There's also been speculation from the usual gang of Kerry bashers that if other things were different he would have won. This week there are the claims that if Kerry had signed Form 180 earlier the results would have been different. As we've discussed here, that would have changed nothing. The right wing noise machine did not care about the facts and would have continued the attack--as they are now doing despite the release of the military records. After all, if they had any concern for the truth there was already plenty of evidence released to prove that the charges were lies.

Another claim I've seen multiple times is that Kerry would have won if he had voted against the Iraq War Resolution. That is also unlikely to be the case.

The one thing which would have been different is that Kerry probably would have been the front runner for months and won the nomination with even less difficulty than he had, and Howard Dean would probably be an obscure former Governor of Vermont.

While voting yes on the IWR would have made it easier to win the nomination, it would have hurt rather than helped Kerry in the general election. Most voters, in contrast to bloggers, did not hold the vote against him. After all, most opponents of the war voted for Kerry, not Dean, once they had a clear look at both. Fortunately the majority of Democratic voters did not fall for the claims that a vote for the IWR was a vote for the war. More voters agreed with Wesley Clark's interpretation that the vote was a poor litmus test than agreed with Howard Dean.

The IWR was a typical Rove trap which Kerry tried to avoid. Rove loves to place opponents in positions where they must chose between two bad options. We saw how they campaigned against a candidate who voted yes in falsely claiming Kerry had supported their decision to go to war.

It would have been even more to Bush's advantage if Kerry had voted no. At the time of the IWR vote, the resolution was not presented by Republicans as a vote to go to war. Just four days before the vote, George Bush stated in Cincinnati on October 7, 2002 that "war was not inevitable." He portrayed the vote not as one to go to war, but a vote which meant that "America speaks with one voice" against a foreign enemy who may have had weapons of mass destruction. (Of course we now know that Bush had intended to go to war regardless of what occured, but he would have never admitted this.)

A no vote would have been taken as not only a rejection of Bush's ultimate Iraq policy, but that the voter would not agree to defend American under any condition, even if threatened by WMD. The result would likely have been more like the last time a Democrat was seen as too far to the left during a controversial war, when Richard Nixon beat George McGovern in a landslide.
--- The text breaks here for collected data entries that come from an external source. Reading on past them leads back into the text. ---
(* Let $f,g,\phi,c,\eta,w,\alpha,x_0,G,\Psi$ satisfy the following: $f,g\in C(\mathbb{R}_0^+\times\mathbb{R}_0^+,\mathbb{R}_0^+)$ are nondecreasing in the first variable for each fixed second variable; $\phi\in C(\mathbb{R}_0^+,\mathbb{R}_0^+)$ is strictly increasing with $\lim_{x\to\infty}\phi(x)=\infty$; $c\in C(\mathbb{R}_0^+,\mathbb{R}^+)$ is nondecreasing; $\eta,w\in C(\mathbb{R}_0^+,\mathbb{R}_0^+)$ are nondecreasing and positive on $(0,\infty)$; $\alpha\in C^1(\mathbb{R}_0^+,\mathbb{R}_0^+)$ is nondecreasing with $\alpha(t)\le t$; and $x_0,G,\Psi$ are as in the context. Suppose $u\in C(\mathbb{R}_0^+,\mathbb{R}_0^+)$ satisfies, for all $t\ge0$, $$\phi(u(t))\le c(t)+\int_0^{\alpha(t)}f(t,s)\,\eta(u(s))\,w(u(s))\,ds+\int_0^{t}g(t,s)\,\eta(u(s))\,w(u(s))\,ds.$$ Let $\tau>0$ be such that for all $t\in[0,\tau]$, $$\Psi(G(c(t)))+\int_0^{\alpha(t)}f(t,s)\,ds+\int_0^{t}g(t,s)\,ds\in\mathrm{Dom}(\Psi^{-1}).$$ Then for all $t\in[0,\tau]$, $$u(t)\le\phi^{-1}\Big\{G^{-1}\Big(\Psi^{-1}\Big[\Psi(G(c(t)))+\int_0^{\alpha(t)}f(t,s)\,ds+\int_0^{t}g(t,s)\,ds\Big]\Big)\Big\}.$$
   Context: $\mathbb{R}_0^+=[0,\infty)$, $\mathbb{R}^+=(0,\infty)$. $\phi^{-1}$ denotes the inverse of $\phi$, defined on $[\phi(0),\infty)$. The constant $x_0$ is a real number with $\phi(0)\le x_0<c(0)$ such that $\int_{x_0}^x\frac{ds}{\eta(\phi^{-1}(s))}<\infty$ for every $x\ge x_0$ and $\int_{x_0}^\infty\frac{ds}{\eta(\phi^{-1}(s))}=\infty$ (in the paper: $x_0>0$ may be required when $\int_0^x\frac{ds}{\eta(\phi^{-1}(s))}=\infty$, and $x_0\ge0$ is allowed when this integral is finite). Define $G:[x_0,\infty)\to[0,\infty)$ by $G(x)=\int_{x_0}^x\frac{ds}{\eta(\phi^{-1}(s))}$; it is a strictly increasing bijection with inverse $G^{-1}$. Fix $x_1>0$ and define, for $x>0$, $\Psi(x)=\int_{x_1}^x\frac{ds}{w(\phi^{-1}(G^{-1}(s)))}$; $\Psi$ is strictly increasing on $(0,\infty)$, $\Psi^{-1}$ is its inverse and $\mathrm{Dom}(\Psi^{-1})=\Psi((0,\infty))$. *)

theory Defs
  imports "HOL-Analysis.Analysis"
begin

definition phi_inv :: "(real \<Rightarrow> real) \<Rightarrow> real \<Rightarrow> real" where
  "phi_inv phi = the_inv_into {0..} phi"

text \<open>G(x) = int_{x0}^x ds / eta(phi^{-1}(s)) (Lebesgue integral; improper at x0 allowed).\<close>
definition G_fun :: "(real \<Rightarrow> real) \<Rightarrow> (real \<Rightarrow> real) \<Rightarrow> real \<Rightarrow> real \<Rightarrow> real" where
  "G_fun phi eta x0 x = (LBINT s=x0..x. 1 / eta (phi_inv phi s))"

definition G_inv :: "(real \<Rightarrow> real) \<Rightarrow> (real \<Rightarrow> real) \<Rightarrow> real \<Rightarrow> real \<Rightarrow> real" where
  "G_inv phi eta x0 = the_inv_into {x0..} (G_fun phi eta x0)"

text \<open>Psi(x) = int_{x1}^x ds / w(phi^{-1}(G^{-1}(s))), signed (oriented) integral, for x > 0.\<close>
definition Psi_fun :: "(real \<Rightarrow> real) \<Rightarrow> (real \<Rightarrow> real) \<Rightarrow> (real \<Rightarrow> real) \<Rightarrow> real \<Rightarrow> real \<Rightarrow> real \<Rightarrow> real" where
  "Psi_fun phi eta w x0 x1 x = (LBINT s=x1..x. 1 / w (phi_inv phi (G_inv phi eta x0 s)))"

definition Psi_inv :: "(real \<Rightarrow> real) \<Rightarrow> (real \<Rightarrow> real) \<Rightarrow> (real \<Rightarrow> real) \<Rightarrow> real \<Rightarrow> real \<Rightarrow> real \<Rightarrow> real" where
  "Psi_inv phi eta w x0 x1 = the_inv_into {0<..} (Psi_fun phi eta w x0 x1)"

end

theory Submission
  imports Defs
begin

(* Fix an endpoint T in [0, tau].  Freezing the first argument of the kernels at T turns the
   right-hand side of the inequality, evaluated at t <= T, into a nondecreasing majorant
     v(t) = c(T) + int_0^{alpha t} f(T,s) eta(u s) w(u s) ds + int_0^t g(T,s) eta(u s) w(u s) ds
   with phi(u t) <= v(t).  Writing p = phi^{-1}(v t), monotonicity of eta and w gives
   v'(t) <= F'(t) eta(p) w(p), where F(t) = int_0^{alpha t} f(T,s) ds + int_0^t g(T,s) ds,
   and (Psi o G)'(x) = 1 / (eta(phi^{-1} x) w(phi^{-1} x)).  Hence Psi(G(v T)) <= Psi(G(c T)) + F(T),
   and inverting Psi, G and phi (all strictly increasing) yields the bound on u(T). *)

lemma continuous_on_halfline:
  fixes h :: "real \<Rightarrow> 'b::topological_space"
  assumes "\<And>b. continuous_on {a..b} h"
  shows "continuous_on {a..} h"
  unfolding continuous_on_eq_continuous_within
proof
  fix x assume "x \<in> {a..}"
  then have "continuous (at x within {a..x+1}) h"
    using assms[of "x+1"] by (simp add: continuous_on_eq_continuous_within)
  moreover have "at x within {a..} = at x within {a..x+1}"
    by (rule at_within_nhd[of _ "{..<x+1}"]) auto
  ultimately show "continuous (at x within {a..}) h" by simp
qed

locale halfline_bijection =
  fixes h :: "real \<Rightarrow> real" and a :: real
  assumes cont: "continuous_on {a..} h"
    and strict: "strict_mono_on {a..} h"
    and unbounded: "filterlim h at_top at_top"
begin

definition hinv :: "real \<Rightarrow> real" where
  "hinv = the_inv_into {a..} h"

lemma inj: "inj_on h {a..}"
  using strict strict_mono_on_imp_inj_on by blast

lemma mono_le: "a \<le> x \<Longrightarrow> x \<le> y \<Longrightarrow> h x \<le> h y"
  using strict by (auto intro: strict_mono_on_leD)

lemma image_segment: "h a \<le> y \<Longrightarrow> y \<le> h M \<Longrightarrow> a \<le> M \<Longrightarrow> y \<in> h ` {a..M}"
  using IVT'[of h a y M] continuous_on_subset[OF cont, of "{a..M}"] by force

lemma exceeds: obtains M where "a \<le> M" "y \<le> h M"
proof -
  have "eventually (\<lambda>x. y \<le> h x) at_top" using unbounded by (simp add: filterlim_at_top)
  then obtain N where "\<forall>x\<ge>N. y \<le> h x" by (auto simp: eventually_at_top_linorder)
  then show ?thesis using that[of "max a N"] by auto
qed

lemma image: "h ` {a..} = {h a..}"
proof
  show "h ` {a..} \<subseteq> {h a..}" using mono_le by auto
  show "{h a..} \<subseteq> h ` {a..}"
  proof
    fix y assume "y \<in> {h a..}"
    obtain M where "a \<le> M" "y \<le> h M" using exceeds .
    then show "y \<in> h ` {a..}" using image_segment[of y M] \<open>y \<in> {h a..}\<close> by auto
  qed
qed

lemma hinv_in: "h a \<le> y \<Longrightarrow> a \<le> hinv y"
  using the_inv_into_into[OF inj, of y "{a..}"] image by (auto simp: hinv_def)

lemma h_hinv: "h a \<le> y \<Longrightarrow> h (hinv y) = y"
  using f_the_inv_into_f[OF inj, of y] image by (auto simp: hinv_def)

lemma hinv_h: "a \<le> x \<Longrightarrow> hinv (h x) = x"
  using the_inv_into_f_f[OF inj] by (auto simp: hinv_def)

lemma hinv_gt: "h a < y \<Longrightarrow> a < hinv y"
proof -
  assume "h a < y"
  then have "a \<le> hinv y" "h (hinv y) = y" using hinv_in h_hinv by auto
  then show ?thesis using \<open>h a < y\<close> by (cases "hinv y = a") auto
qed

lemma hinv_mono:
  assumes "h a \<le> y1" "y1 \<le> y2"
  shows "hinv y1 \<le> hinv y2"
proof (rule ccontr)
  assume "\<not> hinv y1 \<le> hinv y2"
  then have "h (hinv y2) < h (hinv y1)"
    using assms hinv_in[of y2] by (intro strict_mono_onD[OF strict]) auto
  then show False using assms h_hinv[of y1] h_hinv[of y2] by auto
qed

lemma le_hinv: "a \<le> x \<Longrightarrow> h x \<le> y \<Longrightarrow> x \<le> hinv y"
  using hinv_mono[of "h x" y] hinv_h mono_le by fastforce

lemma hinv_cont: "continuous_on {h a..} hinv"
proof (rule continuous_on_halfline)
  fix b
  obtain M where M: "a \<le> M" "b \<le> h M" using exceeds .
  have "continuous_on (h ` {a..M}) hinv"
    by (rule continuous_on_inv) (auto intro: continuous_on_subset[OF cont] hinv_h)
  moreover have "{h a..b} \<subseteq> h ` {a..M}" using image_segment M by auto
  ultimately show "continuous_on {h a..b} hinv" using continuous_on_subset by blast
qed

end

lemma continuous_on_section:
  assumes "continuous_on (A \<times> B) (\<lambda>(t, s). f t s)" "t \<in> A"
  shows "continuous_on B (f t)"
proof -
  have "continuous_on B (\<lambda>s. (\<lambda>(t, s). f t s) (t, s))"
    by (rule continuous_on_compose2[OF assms(1) continuous_on_Pair[OF continuous_on_const continuous_on_id]])
       (use assms(2) in auto)
  then show ?thesis by simp
qed

lemma integral_from_continuous:
  fixes k :: "real \<Rightarrow> real"
  assumes "continuous_on {a..} k"
  shows "continuous_on {a..} (\<lambda>y. integral {a..y} k)"
proof (rule continuous_on_halfline)
  fix b
  have "k integrable_on {a..b}"
    by (rule integrable_continuous_interval, rule continuous_on_subset[OF assms]) auto
  then show "continuous_on {a..b} (\<lambda>y. integral {a..y} k)"
    by (rule indefinite_integral_continuous_1)
qed

lemma integral_from_mono:
  fixes k :: "real \<Rightarrow> real"
  assumes "continuous_on {a..} k" "\<And>s. a \<le> s \<Longrightarrow> 0 \<le> k s" "x \<le> y"
  shows "integral {a..x} k \<le> integral {a..y} k"
  by (rule integral_subset_le[OF _ integrable_continuous_interval integrable_continuous_interval])
     (use assms in \<open>auto intro: continuous_on_subset\<close>)

lemma integral_from_comp_deriv:
  fixes k \<beta> :: "real \<Rightarrow> real"
  assumes k: "continuous_on {a..} k"
    and S: "open S" "t \<in> S" "\<beta> ` S \<subseteq> {a..}"
    and \<beta>: "(\<beta> has_real_derivative \<beta>') (at t)"
  shows "((\<lambda>x. integral {a..\<beta> x} k) has_real_derivative k (\<beta> t) * \<beta>') (at t)"
proof -
  let ?b = "\<beta> t"
  have "?b \<in> {a..}" using S by auto
  then have "((\<lambda>y. integral {a..y} k) has_real_derivative k ?b) (at ?b within {a..?b+1})"
    by (intro integral_has_real_derivative) (use k in \<open>auto intro: continuous_on_subset\<close>)
  moreover have "at ?b within {a..} = at ?b within {a..?b+1}"
    by (rule at_within_nhd[of _ "{..<?b+1}"]) auto
  ultimately have "((\<lambda>y. integral {a..y} k) has_real_derivative k ?b) (at ?b within \<beta> ` S)"
    using DERIV_subset S(3) by metis
  from DERIV_image_chain[OF this has_field_derivative_at_within[OF \<beta>]]
  have "((\<lambda>x. integral {a..\<beta> x} k) has_real_derivative k ?b * \<beta>') (at t within S)"
    by (simp add: o_def)
  then show ?thesis using at_within_open[OF S(2,1)] by simp
qed

lemma integral_kernel_le:
  fixes K :: "real \<Rightarrow> real \<Rightarrow> real" and E :: "real \<Rightarrow> real"
  assumes "continuous_on {a..} (K s)" "continuous_on {a..} (K t)" "continuous_on {a..} E"
    and "\<And>r. a \<le> r \<Longrightarrow> 0 \<le> E r" "\<And>r. a \<le> r \<Longrightarrow> K s r \<le> K t r"
  shows "integral {a..b} (\<lambda>r. K s r * E r) \<le> integral {a..b} (\<lambda>r. K t r * E r)"
proof (rule integral_le)
  have "continuous_on {a..b} (K s)" "continuous_on {a..b} (K t)" "continuous_on {a..b} E"
    using assms(1-3) by (auto intro: continuous_on_subset)
  then show "(\<lambda>r. K s r * E r) integrable_on {a..b}" "(\<lambda>r. K t r * E r) integrable_on {a..b}"
    by (auto intro!: integrable_continuous_interval continuous_on_mult)
  fix r assume "r \<in> {a..b}"
  then show "K s r * E r \<le> K t r * E r" using assms(4,5) by (auto intro: mult_right_mono)
qed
John Kerry attempted to avoid Rove's trap by both voting yes but fully explaining his vote in his Senate floor statement. Kerry had many similar anti-war statements such as a New York Times op ed piece, his Georgetown speech, and his call for regime change in Washington at the onset of the war. John Kerry made his opposition to George Bush's policies clear. This strategy probably would have worked even better if not for having been falsely attacked by some in his own party for having voted for the war. While this undoubtedly did hurt, the consequences of voting no would have been far worse.

1 Comments:

Blogger i11ustrator said...

All convincing and very well reasoned arguments, Ron. Unfortunately there's a small contingent of extremists on both the left and the right who will never be happy and will always find fault, rather than real solutions to the problems facing America.